Она чуть отстранилась и посмотрела на него как-то странно. Родион закусил губу и сказал:
— Извини.
Кажется, со временем он совсем разучится шутить.
— Родион! Я последний раз тебя предупреждаю!
Иногда у него возникало чувство, что это всё неправильно. Всё слишком просто, слишком легко. Всё, мать твою, так невыносимо легко. Невыносимая лёгкость бытия, ха-ха. Кстати, а может, спеть дуэтом с Летовым? А что? Ему бы только захотеть. Или даже не хотеть, по хрен — он никогда ничего не хотел… а они считают, он должен быть счастлив. Вроде бы только это и надо для счастья. Невыносимая, твою мать, совершенно невыносимая лёгкость. Бытия.
Слишком.
Он завалился в кресло, по-прежнему игнорируя ор по ту сторону двери. Когда там завопили «Да ломай уже!», закрыл глаза. В голове шумело, тело словно подбрасывало, как будто в вагоне поезда, мчащегося в подземке метро.
Бритвенное лезвие в его пальцах было почти тёплым.
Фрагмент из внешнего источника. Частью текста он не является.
(* Let $B$ be a Boolean algebra, $W\subset B^n$ a Boolean domain, $A,A'\subset W$ finite subsets and $f:A\to A'$ a bijection. Then $f$ is the restriction of a Boolean isomorphism $W\to W$ if and only if $d(f(x),f(y))=d(x,y)$ for all $x,y\in A$, where $d(x,y)=\bigvee_{i=1}^n(x_i\triangle y_i)$.
   Context: A Boolean function $f:B^n\to B$ is a function given by a polynomial expression in the variables, elements of $B$ and the Boolean operations. A Boolean domain is the zero set in $B^n$ of a Boolean function. A Boolean transformation between Boolean domains $U\subset B^n$, $V\subset B^m$ is a map $U\to V$ given coordinatewise by Boolean functions $B^n\to B$; a Boolean isomorphism is a bijective Boolean transformation. $\triangle$ denotes symmetric difference in $B$. *)

theory Defs
  imports Main
begin

datatype ('n, 'a) bexp =
    BVar 'n
  | BConst 'a
  | BJoin "('n, 'a) bexp" "('n, 'a) bexp"
  | BMeet "('n, 'a) bexp" "('n, 'a) bexp"
  | BCompl "('n, 'a) bexp"

primrec beval :: "('n \<Rightarrow> 'a::boolean_algebra) \<Rightarrow> ('n, 'a) bexp \<Rightarrow> 'a" where
  "beval x (BVar i) = x i"
| "beval x (BConst c) = c"
| "beval x (BJoin e1 e2) = sup (beval x e1) (beval x e2)"
| "beval x (BMeet e1 e2) = inf (beval x e1) (beval x e2)"
| "beval x (BCompl e) = - beval x e"

definition boolean_function :: "((('n::finite) \<Rightarrow> 'a::boolean_algebra) \<Rightarrow> 'a) \<Rightarrow> bool" where
  "boolean_function g \<longleftrightarrow> (\<exists>e. \<forall>x. g x = beval x e)"

definition boolean_domain :: "(('n::finite) \<Rightarrow> 'a::boolean_algebra) set \<Rightarrow> bool" where
  "boolean_domain W \<longleftrightarrow> (\<exists>g. boolean_function g \<and> W = {x. g x = bot})"

definition boolean_transformation ::
  "(('n::finite) \<Rightarrow> 'a::boolean_algebra) set \<Rightarrow> (('m::finite) \<Rightarrow> 'a) set
   \<Rightarrow> (('n \<Rightarrow> 'a) \<Rightarrow> ('m \<Rightarrow> 'a)) \<Rightarrow> bool" where
  "boolean_transformation U V F \<longleftrightarrow>
     (\<exists>gs. (\<forall>j. boolean_function (gs j)) \<and> (\<forall>x\<in>U. \<forall>j. F x j = gs j x)) \<and> F ` U \<subseteq> V"

definition boolean_isomorphism ::
  "(('n::finite) \<Rightarrow> 'a::boolean_algebra) set \<Rightarrow> (('m::finite) \<Rightarrow> 'a) set
   \<Rightarrow> (('n \<Rightarrow> 'a) \<Rightarrow> ('m \<Rightarrow> 'a)) \<Rightarrow> bool" where
  "boolean_isomorphism U V F \<longleftrightarrow> boolean_transformation U V F \<and> bij_betw F U V"

definition symdiff :: "'a::boolean_algebra \<Rightarrow> 'a \<Rightarrow> 'a" where
  "symdiff a b = sup (inf a (- b)) (inf (- a) b)"

definition bdist :: "(('n::finite) \<Rightarrow> 'a::boolean_algebra) \<Rightarrow> ('n \<Rightarrow> 'a) \<Rightarrow> 'a" where
  "bdist x y = Sup_fin (range (\<lambda>i. symdiff (x i) (y i)))"

end

theory Submission
  imports Defs
begin

text \<open>
  Everything rests on locality: if two points agree coordinatewise below some c, then so do
  their values under any Boolean function (beval_local).  Necessity follows directly: a
  Boolean automorphism F cannot increase the distance d, and gluing x (below d(Fx,Fy)) with
  y (elsewhere) gives a point of W with the same image as x, so injectivity forces equality
  (boolean_isomorphism_preserves_bdist).

  For sufficiency we pass to the finite subalgebra generated by the coordinates of the
  points of A and f(A) and the values of the defining function g at the 0/1 corners.  On
  each of its cells p every such point is constant, described by a truth pattern; d is
  preserved iff patterns of points of A coincide on a cell exactly when those of their
  images do.  Hence on each cell the map of patterns extends to a permutation of all
  patterns preserving the admissible ones (those of corners of W on p).  Gluing the
  permutations cell by cell and minterm by minterm gives a Boolean polynomial map
  (pattern_map) which is an automorphism of W extending f
  (bdist_preserving_map_extends).
\<close>

lemma le_iff_inf_compl_eq_bot: "(x::'a::boolean_algebra) \<le> y \<longleftrightarrow> inf x (- y) = bot"
  using inf_shunt[of x "- y"] by simp

lemma eq_by_split:
  fixes a b c :: "'a::boolean_algebra"
  assumes "inf a c = inf b c" and "inf a (- c) = inf b (- c)"
  shows "a = b"
proof -
  have split: "z = sup (inf z c) (inf z (- c))" for z :: 'a
    by (simp add: inf_sup_distrib1[symmetric])
  show ?thesis using split[of a] split[of b] assms by simp
qed

lemma symdiff_inf_eq_bot_iff:
  "inf (symdiff (a::'a::boolean_algebra) b) c = bot \<longleftrightarrow> inf a c = inf b c"
proof -
  have "inf (symdiff a b) c = bot \<longleftrightarrow> inf (inf a c) (- b) = bot \<and> inf (inf b c) (- a) = bot"
    unfolding symdiff_def inf_sup_distrib2 sup_eq_bot_iff
    by (simp add: inf_assoc inf_commute inf_left_commute)
  also have "\<dots> \<longleftrightarrow> inf a c \<le> b \<and> inf b c \<le> a"
    by (simp only: le_iff_inf_compl_eq_bot)
  also have "\<dots> \<longleftrightarrow> inf a c \<le> inf b c \<and> inf b c \<le> inf a c"
    by (auto intro: le_infI dest: le_infE)
  also have "\<dots> \<longleftrightarrow> inf a c = inf b c"
    by (simp add: eq_iff)
  finally show ?thesis .
qed

lemma symdiff_eq_bot_imp_eq: "symdiff (a::'a::boolean_algebra) b = bot \<Longrightarrow> a = b"
  using symdiff_inf_eq_bot_iff[of a b top] by simp

lemma Sup_fin_inf_eq_bot_iff:
  assumes "finite S" and "S \<noteq> {}"
  shows "inf (Sup_fin S) (c::'a::boolean_algebra) = bot \<longleftrightarrow> (\<forall>s\<in>S. inf s c = bot)"
  using assms by (induction S rule: finite_ne_induct) (simp_all add: inf_sup_distrib2)

lemma inf_eq_restrict:
  fixes u v p q :: "'a::boolean_algebra"
  assumes "inf u p = inf v p" and "q \<le> p"
  shows "inf u q = inf v q"
proof -
  have "inf u q = inf (inf u p) q" and "inf v q = inf (inf v p) q"
    using assms(2) by (simp_all add: inf_assoc inf.absorb2)
  then show ?thesis using assms(1) by simp
qed

lemma inf_eq_bot_mono:
  fixes u v a b :: "'a::boolean_algebra"
  assumes "u \<le> a" and "v \<le> b" and "inf a b = bot"
  shows "inf u v = bot"
  using inf_mono[OF assms(1,2)] assms(3) by (simp add: bot_unique)

lemma bdist_inf_eq_bot_iff:
  "inf (bdist x y) (c::'a::boolean_algebra) = bot \<longleftrightarrow> (\<forall>i. inf (x i) c = inf (y i) c)"
  unfolding bdist_def by (subst Sup_fin_inf_eq_bot_iff) (auto simp: symdiff_inf_eq_bot_iff)

text \<open>Locality: if x and y agree coordinatewise on c, so do their values under any Boolean
  polynomial.  This is the single property of Boolean functions the whole proof rests on.\<close>
lemma beval_local:
  fixes c :: "'a::boolean_algebra"
  assumes "\<And>i. inf (x i) c = inf (y i) c"
  shows "inf (beval x e) c = inf (beval y e) c"
proof (induction e)
  case (BJoin e1 e2)
  then show ?case by (simp only: beval.simps inf_sup_distrib2)
next
  case (BMeet e1 e2)
  have "inf (beval x (BMeet e1 e2)) c = inf (inf (beval x e1) c) (inf (beval x e2) c)"
    by (simp add: inf_aci)
  also have "\<dots> = inf (inf (beval y e1) c) (inf (beval y e2) c)"
    using BMeet by simp
  also have "\<dots> = inf (beval y (BMeet e1 e2)) c"
    by (simp add: inf_aci)
  finally show ?case .
next
  case (BCompl e)
  have compl: "inf (- u) c = inf (- inf u c) c" for u
    by (simp add: inf_sup_distrib2)
  show ?case using BCompl compl[of "beval x e"] compl[of "beval y e"] by simp
qed (simp_all add: assms)

lemma boolean_function_local:
  assumes "boolean_function g" and "\<And>i. inf (x i) c = inf (y i) c"
  shows "inf (g x) c = inf (g y) c"
proof -
  obtain e where "\<And>x. g x = beval x e"
    using assms(1) unfolding boolean_function_def by blast
  then show ?thesis using beval_local[OF assms(2)] by simp
qed

lemma boolean_function_var: "boolean_function (\<lambda>x. x i)"
  unfolding boolean_function_def by (rule exI[of _ "BVar i"]) simp

lemma boolean_function_const: "boolean_function (\<lambda>x. c)"
  unfolding boolean_function_def by (rule exI[of _ "BConst c"]) simp

lemma boolean_function_sup:
  "boolean_function f \<Longrightarrow> boolean_function g \<Longrightarrow> boolean_function (\<lambda>x. sup (f x) (g x))"
  unfolding boolean_function_def by (metis beval.simps(3))

lemma boolean_function_inf:
  "boolean_function f \<Longrightarrow> boolean_function g \<Longrightarrow> boolean_function (\<lambda>x. inf (f x) (g x))"
  unfolding boolean_function_def by (metis beval.simps(4))

lemma boolean_function_compl: "boolean_function f \<Longrightarrow> boolean_function (\<lambda>x. - f x)"
  unfolding boolean_function_def by (metis beval.simps(5))

lemma boolean_transformation_local:
  assumes "boolean_transformation U V F" and "x \<in> U" and "y \<in> U"
    and "\<And>i. inf (x i) c = inf (y i) c"
  shows "inf (F x j) c = inf (F y j) c"
proof -
  obtain gs where gs: "\<And>j. boolean_function (gs j)" and F: "\<And>x j. x \<in> U \<Longrightarrow> F x j = gs j x"
    using assms(1) unfolding boolean_transformation_def by (elim exE conjE) blast
  have "inf (gs j x) c = inf (gs j y) c"
    by (rule boolean_function_local[OF gs assms(4)])
  then show ?thesis by (simp only: F[OF assms(2)] F[OF assms(3)])
qed

definition glue :: "'a::boolean_algebra \<Rightarrow> ('n \<Rightarrow> 'a) \<Rightarrow> ('n \<Rightarrow> 'a) \<Rightarrow> 'n \<Rightarrow> 'a" where
  "glue b x y = (\<lambda>i. sup (inf (x i) b) (inf (y i) (- b)))"

lemma glue_inf: "inf (glue b x y i) b = inf (x i) b"
  and glue_inf_compl: "inf (glue b x y i) (- b) = inf (y i) (- b)"
  unfolding glue_def by (simp_all add: inf_sup_distrib2 inf_assoc)

lemma zero_set_glue:
  assumes "boolean_function g" and "g x = bot" and "g y = bot"
  shows "g (glue b x y) = bot"
proof (rule eq_by_split)
  have "inf (g (glue b x y)) b = inf (g x) b"
    by (rule boolean_function_local[OF assms(1) glue_inf])
  then show "inf (g (glue b x y)) b = inf bot b" using assms(2) by simp
  have "inf (g (glue b x y)) (- b) = inf (g y) (- b)"
    by (rule boolean_function_local[OF assms(1) glue_inf_compl])
  then show "inf (g (glue b x y)) (- b) = inf bot (- b)" using assms(3) by simp
qed

text \<open>By locality d(Fx,Fy) \<le> d(x,y); conversely the point glued from x on b = d(Fx,Fy) and
  from y off b lies in W and has the same image as x, so it is x, whence d(x,y) \<le> b.\<close>
lemma boolean_isomorphism_preserves_bdist:
  assumes W: "boolean_domain W" and F: "boolean_isomorphism W W F"
    and x: "x \<in> W" and y: "y \<in> W"
  shows "bdist (F x) (F y) = bdist x y"
proof -
  obtain g where g: "boolean_function g" and W_eq: "W = {x. g x = bot}"
    using W unfolding boolean_domain_def by blast
  have trans: "boolean_transformation W W F" and inj: "inj_on F W"
    using F unfolding boolean_isomorphism_def bij_betw_def by simp_all
  note F_local = boolean_transformation_local[OF trans]
  define a where "a = bdist x y"
  define b where "b = bdist (F x) (F y)"
  have "b \<le> a"
  proof -
    have "inf (x i) (- a) = inf (y i) (- a)" for i
      using bdist_inf_eq_bot_iff[of x y "- a"] unfolding a_def by simp
    then have "inf (F x j) (- a) = inf (F y j) (- a)" for j
      by (rule F_local[OF x y])
    then show ?thesis
      unfolding le_iff_inf_compl_eq_bot b_def by (simp add: bdist_inf_eq_bot_iff)
  qed
  moreover have "a \<le> b"
  proof -
    define z where "z = glue b x y"
    have z: "z \<in> W"
      using zero_set_glue[OF g] x y unfolding z_def W_eq by simp
    have Fxy: "inf (F x j) (- b) = inf (F y j) (- b)" for j
      using bdist_inf_eq_bot_iff[of "F x" "F y" "- b"] unfolding b_def by simp
    have "F z = F x"
    proof
      fix j
      show "F z j = F x j"
      proof (rule eq_by_split)
        show "inf (F z j) b = inf (F x j) b"
          by (rule F_local[OF z x]) (simp add: z_def glue_inf)
        have "inf (F z j) (- b) = inf (F y j) (- b)"
          by (rule F_local[OF z y]) (simp add: z_def glue_inf_compl)
        then show "inf (F z j) (- b) = inf (F x j) (- b)" using Fxy by simp
      qed
    qed
    then have "z = x" using inj z x by (simp add: inj_on_eq_iff)
    then have "inf (x i) (- b) = inf (y i) (- b)" for i
      using glue_inf_compl[of b x y i] unfolding z_def by simp
    then show ?thesis
      unfolding le_iff_inf_compl_eq_bot a_def by (simp add: bdist_inf_eq_bot_iff)
  qed
  ultimately show ?thesis unfolding a_def b_def by simp
qed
Он думал о её словах, трясясь в вагоне метро по дороге на Фабрику. В воскресенье вечером мало кто едет в рабочий квартал — только такие же, как он сам. Не меньше трети народа в вагоне были в синих фабричных костюмах. Но они не переговаривались и не переглядывались — просто покачивались в такт движения поезда, уткнувшись себе под ноги и грезя о том, что могло бы быть.
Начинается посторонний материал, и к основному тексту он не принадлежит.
lemma expansion_eq:
  assumes complete: "\<And>x. x \<in> l2 \<Longrightarrow> (\<forall>k. l2_inner (e k) x = 0) \<Longrightarrow> x = 0"
    and v: "v \<in> l2" and vanish: "\<And>k. k \<notin> S \<Longrightarrow> l2_inner (e k) v = 0"
  shows "v = (\<lambda>x. \<Sum>\<^sub>\<infinity>k\<in>S. l2_inner (e k) v * e k x)"
proof -
  define c where "c k = l2_inner (e k) v" for k
  define f where "f = (\<lambda>x. \<Sum>\<^sub>\<infinity>k\<in>S. c k * e k x)"
  define tail where "tail G = (\<Sum>\<^sub>\<infinity>k\<in>S. (cmod (c k))^2) - (\<Sum>k\<in>G. (cmod (c k))^2)" for G
  have summ: "(\<lambda>k. (cmod (c k))^2) summable_on S"
    unfolding c_def by (rule coeff_sq_summable[OF v])
  note tail_bound = lincomb_tail[OF summ, folded f_def tail_def]
  have f: "f \<in> l2"
    using tail_bound(1)[of "{}"] by (simp add: lincomb_def)
  have bound: "(cmod (l2_inner (e j) (v - f)))^2 \<le> tail G"
    if G: "finite G" "G \<subseteq> S" "{j} \<inter> S \<subseteq> G" for j G
  proof -
    have r: "f - lincomb e c G \<in> l2"
      using G tail_bound(1) by blast
    have "j \<in> G \<or> c j = 0"
      using G(3) vanish[of j] by (auto simp: c_def)
    then have "l2_inner (e j) (v - lincomb e c G) = 0"
      by (auto simp: l2_inner_diff_right[OF in_l2 v lincomb_in_l2] inner_lincomb[OF G(1)] c_def)
    moreover have "l2_inner (e j) (v - f)
        = l2_inner (e j) (v - lincomb e c G) - l2_inner (e j) (f - lincomb e c G)"
      using l2_inner_diff_right[OF in_l2[of j] diff_in_l2[OF v lincomb_in_l2[of c G]] r] by simp
    ultimately have "(cmod (l2_inner (e j) (v - f)))^2 = (cmod (l2_inner (e j) (f - lincomb e c G)))^2"
      by simp
    also have "\<dots> \<le> l2_sqnorm (f - lincomb e c G)"
      by (rule inner_sq_le_l2_sqnorm[OF r])
    also have "\<dots> \<le> tail G"
      using G tail_bound(2) by blast
    finally show ?thesis .
  qed
  have "(cmod (l2_inner (e j) (v - f)))^2 \<le> 0" for j
  proof (rule tendsto_lowerbound)
    show "(tail \<longlongrightarrow> 0) (finite_subsets_at_top S)"
      unfolding tail_def[abs_def] using summ by (intro has_sum_tail_tendsto_0) simp
    show "\<forall>\<^sub>F G in finite_subsets_at_top S. (cmod (l2_inner (e j) (v - f)))^2 \<le> tail G"
      unfolding eventually_finite_subsets_at_top using bound by (intro exI[of _ "{j} \<inter> S"]) auto
  qed simp
  then have "\<forall>j. l2_inner (e j) (v - f) = 0"
    by simp
  then have "v - f = 0"
    using complete diff_in_l2[OF v f] by blast
  then show ?thesis
    unfolding right_minus_eq f_def c_def .
qed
«Я заслуживаю, — думал Родион, глядя в заплёванный пол вагона. — Алиса права, я заслуживаю это — каждую ночь вот уже третий год я заслуживаю это снова и снова, стоя у необъятного конвейера с… нет, мне нельзя говорить, с чем, нельзя даже думать, с чем. Конвейер гудит и подрагивает, и я снова и снова снимаю с него то, о чём нельзя даже думать, и иногда оно режет мне пальцы, даже сквозь перчатки из пластика, и я не всегда замечаю это сразу. Потому что я на Фабрике Грёз, и я грежу. О том, что где-то там мне не надо стоять у этого конвейера ночи напролёт, чтобы заслужить сладкую долю. Я заслуживаю её здесь. Я делаю это для того, чтобы там, в другом мире, не думать и не знать о цене».
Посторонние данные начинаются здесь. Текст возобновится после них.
(* Let $T>0$, $d\ge1$, and let $L:[0,T]\times\mathbb{R}^d\to\mathbb{R}^d$ satisfy: $|L(t,x)|\le h_1(t)$ for all $(t,x)\in(0,T)\times\mathbb{R}^d$, and $|L(t,x)-L(t,y)|\le h_2(t)|x-y|$ for all $(t,x,y)\in(0,T)\times\mathbb{R}^d\times\mathbb{R}^d$, where $h_1,h_2:(0,T)\to\mathbb{R}^+$ are such that there exists $D_T>0$ with $\int_0^th_i(s)ds\le D_T$ for all $t\le T$, $i=1,2$. On a filtered probability space $(\Omega,\mathcal F,\mathbb P,(\mathcal F_t))$ with a $d$-dimensional Brownian motion $W$ and an $\mathcal F_0$-measurable random variable $X_0\sim q_0$, the equation $$dX_t=dW_t+\Big\{\int_0^t\int_{\mathbb{R}^d}L(t-s,X_t-y)\,\mathbb Q_s(dy)\,ds\Big\}dt,\quad t\le T,\qquad \mathbb Q_s=\mathcal L(X_s),$$ admits a unique strong solution. *)

theory Defs
  imports "HOL-Probability.Probability"
begin

definition gauss_law :: "real \<Rightarrow> (real ^ 'd) measure" where
  "gauss_law v = density lborel (\<lambda>x. ennreal (\<Prod>i\<in>UNIV. normal_density 0 (sqrt v) (x $ i)))"

definition filtered_space :: "'a measure \<Rightarrow> (real \<Rightarrow> 'a measure) \<Rightarrow> bool" where
  "filtered_space M F \<longleftrightarrow> prob_space M \<and> filtration (space M) F \<and> (\<forall>t. sets (F t) \<subseteq> sets M)"

definition brownian_motion ::
  "'a measure \<Rightarrow> (real \<Rightarrow> 'a measure) \<Rightarrow> real \<Rightarrow> (real \<Rightarrow> 'a \<Rightarrow> real ^ 'd) \<Rightarrow> bool" where
  "brownian_motion M F T W \<longleftrightarrow>
     (\<forall>\<omega>\<in>space M. W 0 \<omega> = 0) \<and>
     (\<forall>\<omega>\<in>space M. continuous_on {0..T} (\<lambda>t. W t \<omega>)) \<and>
     (\<forall>t\<in>{0..T}. W t \<in> borel_measurable (F t)) \<and>
     (\<forall>s t. 0 \<le> s \<longrightarrow> s < t \<longrightarrow> t \<le> T \<longrightarrow>
        distr M borel (\<lambda>\<omega>. W t \<omega> - W s \<omega>) = gauss_law (t - s) \<and>
        (\<forall>A\<in>sets (F s). \<forall>B\<in>sets borel.
           measure M (A \<inter> ((\<lambda>\<omega>. W t \<omega> - W s \<omega>) -` B \<inter> space M)) =
           measure M A * measure M ((\<lambda>\<omega>. W t \<omega> - W s \<omega>) -` B \<inter> space M)))"

definition mv_drift ::
  "'a measure \<Rightarrow> (real \<Rightarrow> real ^ 'd \<Rightarrow> real ^ 'd) \<Rightarrow> (real \<Rightarrow> 'a \<Rightarrow> real ^ 'd) \<Rightarrow> real \<Rightarrow> 'a \<Rightarrow> real ^ 'd" where
  "mv_drift M L X t \<omega> =
     (\<integral>s\<in>{0..t}. (\<integral>y. L (t - s) (X t \<omega> - y) \<partial>(distr M borel (X s))) \<partial>lborel)"

definition mv_solution ::
  "'a measure \<Rightarrow> (real \<Rightarrow> 'a measure) \<Rightarrow> real \<Rightarrow> (real \<Rightarrow> 'a \<Rightarrow> real ^ 'd) \<Rightarrow> ('a \<Rightarrow> real ^ 'd)
     \<Rightarrow> (real \<Rightarrow> real ^ 'd \<Rightarrow> real ^ 'd) \<Rightarrow> (real \<Rightarrow> 'a \<Rightarrow> real ^ 'd) \<Rightarrow> bool" where
  "mv_solution M F T W X0 L X \<longleftrightarrow>
     (\<forall>t\<in>{0..T}. X t \<in> borel_measurable (F t)) \<and>
     (\<forall>\<omega>\<in>space M. continuous_on {0..T} (\<lambda>t. X t \<omega>)) \<and>
     (AE \<omega> in M. \<forall>t\<in>{0..T}.
        X t \<omega> = X0 \<omega> + W t \<omega> + (\<integral>r\<in>{0..t}. mv_drift M L X r \<omega> \<partial>lborel))"

end

theory Submission
  imports Defs
begin

text \<open>The drift is bounded by \<open>D\<close>, and it is Lipschitz in the process: if two adapted continuous
  processes differ by at most \<open>c\<close> up to time \<open>r\<close> (almost surely at each earlier time, and on the
  sample path at time \<open>r\<close> itself), their drifts at time \<open>r\<close> differ by at most \<open>2 D c\<close>, because both
  the spatial and the measure argument of \<open>L\<close> move by at most \<open>c\<close> and \<open>h\<^sub>2\<close> integrates to at
  most \<open>D\<close>. In the weighted norm \<open>sup\<^sub>t e\<^sup>-\<^sup>4\<^sup>D\<^sup>t |X\<^sub>t - Y\<^sub>t|\<close> the map
  \<open>X \<mapsto> X\<^sub>0 + W + \<integral> drift\<close> is therefore a pathwise contraction with constant \<open>1/2\<close>.
  Picard iteration converges uniformly on every path to an adapted continuous fixed point, and
  any solution stays within \<open>2 D T e\<^sup>4\<^sup>D\<^sup>t / 2\<^sup>n\<close> of it for every \<open>n\<close>.\<close>

lemma LIMSEQ_ceiling_scaled:
  fixes x :: real assumes "x \<ge> 0"
  shows "(\<lambda>k. real (nat \<lceil>real (Suc k) * x\<rceil>) / real (Suc k)) \<longlonglongrightarrow> x"
proof (rule real_tendsto_sandwich[where f="\<lambda>k. x" and h="\<lambda>k. x + 1 / real (Suc k)"])
  have nat_ceiling: "real (nat \<lceil>real (Suc k) * x\<rceil>) = of_int \<lceil>real (Suc k) * x\<rceil>" for k
    using assms by simp
  show "\<forall>\<^sub>F n in sequentially. x \<le> real (nat \<lceil>real (Suc n) * x\<rceil>) / real (Suc n)"
  proof (intro always_eventually allI)
    fix n
    have "real (Suc n) * x \<le> of_int \<lceil>real (Suc n) * x\<rceil>" by (rule le_of_int_ceiling)
    then show "x \<le> real (nat \<lceil>real (Suc n) * x\<rceil>) / real (Suc n)"
      unfolding nat_ceiling by (simp add: field_simps)
  qed
  show "\<forall>\<^sub>F n in sequentially. real (nat \<lceil>real (Suc n) * x\<rceil>) / real (Suc n) \<le> x + 1 / real (Suc n)"
  proof (intro always_eventually allI)
    fix n
    have "of_int \<lceil>real (Suc n) * x\<rceil> \<le> real (Suc n) * x + 1"
      using ceiling_correct[of "real (Suc n) * x"] by linarith
    then have "of_int \<lceil>real (Suc n) * x\<rceil> / real (Suc n) \<le> (real (Suc n) * x + 1) / real (Suc n)"
      by (rule divide_right_mono) auto
    then show "real (nat \<lceil>real (Suc n) * x\<rceil>) / real (Suc n) \<le> x + 1 / real (Suc n)"
      unfolding nat_ceiling by (simp add: field_simps)
  qed
  show "(\<lambda>n. x + 1 / real (Suc n)) \<longlonglongrightarrow> x"
    using tendsto_add[OF tendsto_const[of x] LIMSEQ_Suc[OF lim_inverse_n']] by simp
qed simp

lemma clamp_real_eq:
  fixes t s :: real assumes "t \<ge> 0"
  shows "clamp 0 t s = min t (max 0 s)"
  using assms unfolding clamp_def Basis_real_def by (simp add: min_def max_def)

lemma clamp_real_id: "s \<in> {0..t} \<Longrightarrow> clamp 0 t s = (s::real)"
  by (auto simp: clamp_real_eq)

text \<open>Clamping to \<open>[0, t]\<close> extends the paths to all of \<open>\<real>\<close>; the clamped process is the
  pointwise limit of its samples on the grids \<open>\<lceil>k s\<rceil> / k\<close>.\<close>
lemma borel_measurable_clamped_process:
  fixes Z :: "real \<Rightarrow> 'a \<Rightarrow> 'b::metric_space"
  assumes t: "t \<ge> 0"
    and meas: "\<And>u. u \<in> {0..t} \<Longrightarrow> Z u \<in> borel_measurable N"
    and cont: "\<And>\<omega>. \<omega> \<in> space N \<Longrightarrow> continuous_on {0..t} (\<lambda>u. Z u \<omega>)"
  shows "(\<lambda>(\<omega>, s). Z (clamp 0 t s) \<omega>) \<in> borel_measurable (N \<Otimes>\<^sub>M borel)"
proof (rule borel_measurable_LIMSEQ_metric)
  let ?grid = "\<lambda>k (s::real). min t (real (nat \<lceil>real (Suc k) * max 0 s\<rceil>) / real (Suc k))"
  fix k
  have index: "(\<lambda>x::'a \<times> real. nat \<lceil>real (Suc k) * max 0 (snd x)\<rceil>)
      \<in> measurable (N \<Otimes>\<^sub>M borel) (count_space UNIV)"
    by measurable
  have sample: "(\<lambda>x::'a \<times> real. Z (min t (real j / real (Suc k))) (fst x))
      \<in> borel_measurable (N \<Otimes>\<^sub>M borel)" for j
  proof -
    have "Z (min t (real j / real (Suc k))) \<in> borel_measurable N" using t by (intro meas) auto
    then show ?thesis by measurable
  qed
  show "(\<lambda>x. case x of (\<omega>, s) \<Rightarrow> Z (?grid k s) \<omega>) \<in> borel_measurable (N \<Otimes>\<^sub>M borel)"
    unfolding case_prod_beta by (rule measurable_compose_countable[OF sample index])
next
  let ?grid = "\<lambda>k (s::real). min t (real (nat \<lceil>real (Suc k) * max 0 s\<rceil>) / real (Suc k))"
  fix x assume x: "x \<in> space (N \<Otimes>\<^sub>M (borel::real measure))"
  obtain \<omega> s where x_eq: "x = (\<omega>, s)" by (cases x)
  have \<omega>: "\<omega> \<in> space N" using x x_eq by (simp add: space_pair_measure)
  have "(\<lambda>k. ?grid k s) \<longlonglongrightarrow> min t (max 0 s)"
    by (intro tendsto_min tendsto_const LIMSEQ_ceiling_scaled) simp
  then have lim: "(\<lambda>k. ?grid k s) \<longlonglongrightarrow> clamp 0 t s"
    using t by (simp add: clamp_real_eq)
  have "0 \<le> real (nat \<lceil>real (Suc k) * max 0 s\<rceil>) / real (Suc k)" for k
    by (intro divide_nonneg_nonneg of_nat_0_le_iff)
  then have "?grid k s \<in> {0..t}" for k
    using t by (auto simp only: atLeastAtMost_iff min.bounded_iff min.cobounded1)
  moreover have "clamp 0 t s \<in> {0..t}"
    using t by (auto simp: clamp_real_eq)
  ultimately have "(\<lambda>k. Z (?grid k s) \<omega>) \<longlonglongrightarrow> Z (clamp 0 t s) \<omega>"
    by (intro continuous_on_tendsto_compose[OF cont[OF \<omega>] lim]) auto
  then show "(\<lambda>k. case x of (\<omega>, s) \<Rightarrow> Z (?grid k s) \<omega>) \<longlonglongrightarrow> (case x of (\<omega>, s) \<Rightarrow> Z (clamp 0 t s) \<omega>)"
    using x_eq by simp
qed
Вахтёр сменился, и теперь на проходной сидел дядя Гоша, неразговорчивый приземистый здоровяк непонятного возраста. Ему бы в охранники или на завод, так нет же, расселся на проходной. По блату, не иначе. В лицо ему этого никто не говорит, но за спиной… Дядя Гоша чувствует это и поэтому всех ненавидит. Но с Родионом у них полное взаимопонимание: дядя Гоша делает дырку в графе «Смену принял» и отдаёт Родиону трудовую книжку, не сказав ни слова, не предложив чаю и не покачав головой с укоряющим «Опять!». Родион так же молча суёт растолстевшую книжку в задний карман брюк и идёт в здание Фабрики. Там он поднимается на шестой этаж, заходит в свой отдел, перебрасывается парой слов с начальником смены, надевает перчатки из пластика. Потом заходит в грохочущий цех с высоким, как небо, потолком, и становится к широченной серой ленте, лениво ползущей из ниоткуда в никуда. И девять часов подряд снимает с неё то, что нельзя называть, о чём лучше не думать, если хочешь видеть во сне другого себя, успешного, богатого, знаменитого, счастливого, а не то, что не стоит видеть во сне. Родион исправно не думает об этом и поэтому завтра утром, во время быстрой дрёмы между сменами, увидит огни, и услышит свой голос, и почувствует сладкий запах дыма, и ощутит влажное тепло красивой Алисы… У Алисы будут чистые волосы, и она будет сниматься для обложки «Современной работницы», а когда она уйдёт, будут другие. Не важно — здесь или там.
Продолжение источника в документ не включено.